The black data points in Figure 3c (top figure) show the relationship between ${\tilde{\omega }}_{z\pm }-1$ and N for c = 0.6. Both ${\tilde{\omega }}_{z\pm }$ are quite far away from the ${\tilde{\omega }}_{z\pm }$ locations at c = 0.001. Except for N = 2, ${\tilde{\omega }}_{z+}-1$ approaches 0.28 (the c = 0.001 value) monotonically with the increase in N; similar relationship is observed for ${\tilde{\omega }}_{+}-1$ in the bottom of Figure 3c. For ${\tilde{\omega }}_{z-}$, no monotonical trend is observed. However, for ${\tilde{\omega }}_{-}-1$, depending on whether N is even or odd, it seems to follow two monotonically increasing trends as indicated by the dotted and dashed purple curves (guides for eyes). The degree of asymmetry of the $C_D$ spectrum is also characterized by $\gamma$, with $\gamma =$ 0.253, 0.178, 0.175, and 0.149 for N = 2, 4, 6, and 8, respectively; as well as $\gamma =$ 0.475, 0.252, 0.162, and 0.113 for N = 3, 5, 7, and 9. Therefore, the $\gamma$ value decreases monotonically with even or odd N. This shows that with the increase in N, the chiro-optical response spectra will become more symmetric. Note that for c = 0.6, all the $\gamma$ values are almost one order of magnitude large than those at c = 0.2, indicating that stronger coupling between adjacent oscillators will induce more asymmetric chiro-optical response.

(2)

Small damping

Figure 4 plots the selected $O_{RD}-\tilde{\omega }$ and $C_D-\tilde{\omega }$ relationships for N = 2 to 9 at b = 0.01 and c = 0.001, 0.2, and 0.6, respectively. In the scenario where $c=0.001\ll b=0.01$, corresponding to small damping and weak coupling, both $O_{RD}-\tilde{\omega }$ and $C_D-\tilde{\omega }$ have the same spectral shape as shown in Figure 4a. The $O_{RD}-\tilde{\omega }$ spectra are symmetric about $\tilde{\omega }=1$, with ${\tilde{\omega }}_M=1.00$ for all N, and only two fixed zero-crossings locations are observed, with ${\tilde{\omega }}_{z-}=$ 0.995 and ${\tilde{\omega }}_{z+}=$1.005, both symmetrically located about ${\tilde{\omega }}_M=1$. In addition, the $O_{RD}$ spectra are notably sharper than those in Figure 2a and the corresponding maximum values ($O_{RD}(\tilde{\omega }=1))$ are in the order of 10–80, significantly larger than those in situations with larger damping. For $C_D-\tilde{\omega }$ spectra, only 1 pair of ${\tilde{\omega }}_{-}$ and ${\tilde{\omega }}_{+}$ are observed at ${\tilde{\omega }}_{-}=$ 0.997 and ${\tilde{\omega }}_{+}=$ 1.003, regardless of N, also symmetrically located about ${\tilde{\omega }}_M=1$. Furthermore, we observe that $\left|C_D\left({\tilde{\omega }}_{-}\right)\right|=\left|C_D\left({\tilde{\omega }}_{+}\right)\right|$. The small separation between ${\tilde{\omega }}_{-}$ and ${\tilde{\omega }}_{+}$ results in a small spectral span in $C_D$ but much greater magnitudes compared to Figure 2b. The magnitude of both $O_{RD}$ and $C_D$ increases monotonically with N.
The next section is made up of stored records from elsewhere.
(* For $1\le i\le n$ define the polynomial $$F(n,i)(p,q)=\sum_{\pi\in S_n,\ \pi_n=i}p^{\mathrm{inv}(\pi)}q^{\mathrm{maj}(\pi)} .$$ Then $F(1,1)=1$, and for $n\ge 2$: $$F(n,i)=p^{n-i}\sum_{j=1}^{i-1}F(n-1,j)+p^{n-i}q^{n-1}\sum_{j=i}^{n-1}F(n-1,j)\qquad(1\le i\le n),$$ and consequently $$F(n,i)=p\,F(n,i+1)+p^{n-i}(q^{n-1}-1)F(n-1,i)\quad (1\le i<n),\qquad F(n,n)=\sum_{j=1}^{n-1}F(n-1,j).$$ Moreover $\sum_{\pi\in S_n}p^{\mathrm{inv}(\pi)}q^{\mathrm{maj}(\pi)}=F(n+1,n+1)(p,q)$.
   Context: For a permutation $\pi=\pi_1\cdots\pi_n$ of $\{1,\dots,n\}$: $\mathrm{inv}(\pi)$ is the number of pairs $1\le i<j\le n$ with $\pi_i>\pi_j$, and $\mathrm{maj}(\pi)$ is the sum of all positions $i\in\{1,\dots,n-1\}$ with $\pi_i>\pi_{i+1}$. *)

theory Defs
  imports "HOL-Combinatorics.Permutations"
begin

text \<open>Permutations of {1..n} are functions pi with pi permutes {1..n}; pi i is the entry at position i.\<close>

definition inv_count :: "nat \<Rightarrow> (nat \<Rightarrow> nat) \<Rightarrow> nat" where
  "inv_count n \<pi> = card {(i, j). 1 \<le> i \<and> i < j \<and> j \<le> n \<and> \<pi> i > \<pi> j}"

definition maj :: "nat \<Rightarrow> (nat \<Rightarrow> nat) \<Rightarrow> nat" where
  "maj n \<pi> = (\<Sum>i \<in> {i. 1 \<le> i \<and> i \<le> n - 1 \<and> \<pi> i > \<pi> (Suc i)}. i)"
Figure 4. The plots of $O_{RD}-\tilde{\omega }$ and $C_D-\tilde{\omega }$ at N = 2 to 9 for $b=0.01$ and (a) $c=0.001, \left(\mathbf{b}\right) c=0.2$, and (c) $c=0.6$.

When c increases to 0.2, the spectral features in both $O_{RD}-\tilde{\omega }$ and $C_D-\tilde{\omega }$ relationships become more complicated as shown in Figure 4b. For N = 3, 5, 7, and 9, the $O_{RD}-\tilde{\omega }$ spectra share a similar shape, featuring a positive curved band centered around $\tilde{\omega }=1$ and two large negative dips near each zero-crossing location, with the width of the central band decreasing with N. For N = 2, 4, 6, and 8, the central bands are relatively narrower than their N + 1 counterparts. While the spectrum is asymmetry about $\tilde{\omega }=1$, there are $\left[N/2\right]$ zero crossings in $\tilde{\omega }>1$ and $\tilde{\omega }<1$ regions, respectively. Near each zero crossing, there is either a negative dip or a positive peak. Similar features are observed for the $C_D-\tilde{\omega }$ relationship: For N = 3, 5, 7, and 9, there is only a negative dip at $\tilde{\omega }<1$ and a positive peak at $\tilde{\omega }>1$, with specific (${\tilde{\omega }}_{-}$, ${\tilde{\omega }}_{+}$) pairs being (0.845, 1.135), (0.895, 1.095), (0.920, 1.075), and (0.935, 1.060), respectively. For N = 2, 4, 6, and 8, $\left[N/2\right]$ positive peaks and N/2 negative dips are evident in the spectra. Specifically, for N = 2, ${\tilde{\omega }}_{-}$ and ${\tilde{\omega }}_{+}$ appear at 0.895 and 1.095; for N = 4, two negative dips occur at 0.935 and 0.82, and two positive peaks at 1.06 and 1.15; for N = 6, there are three negative dips at 0.865, 0.955, 1.165, and three positive peaks at 1.12, 1.045, 0.80; for N = 8, four dips are at 0.965, 0.895, 0.79, and 1.145, and four peaks at 1.035, 1.095, 1.175, and 0.835. Clearly, the number of peaks/dips in the $C_D$ plots corresponds to the number of zero crossings in the $O_{RD}$ plots.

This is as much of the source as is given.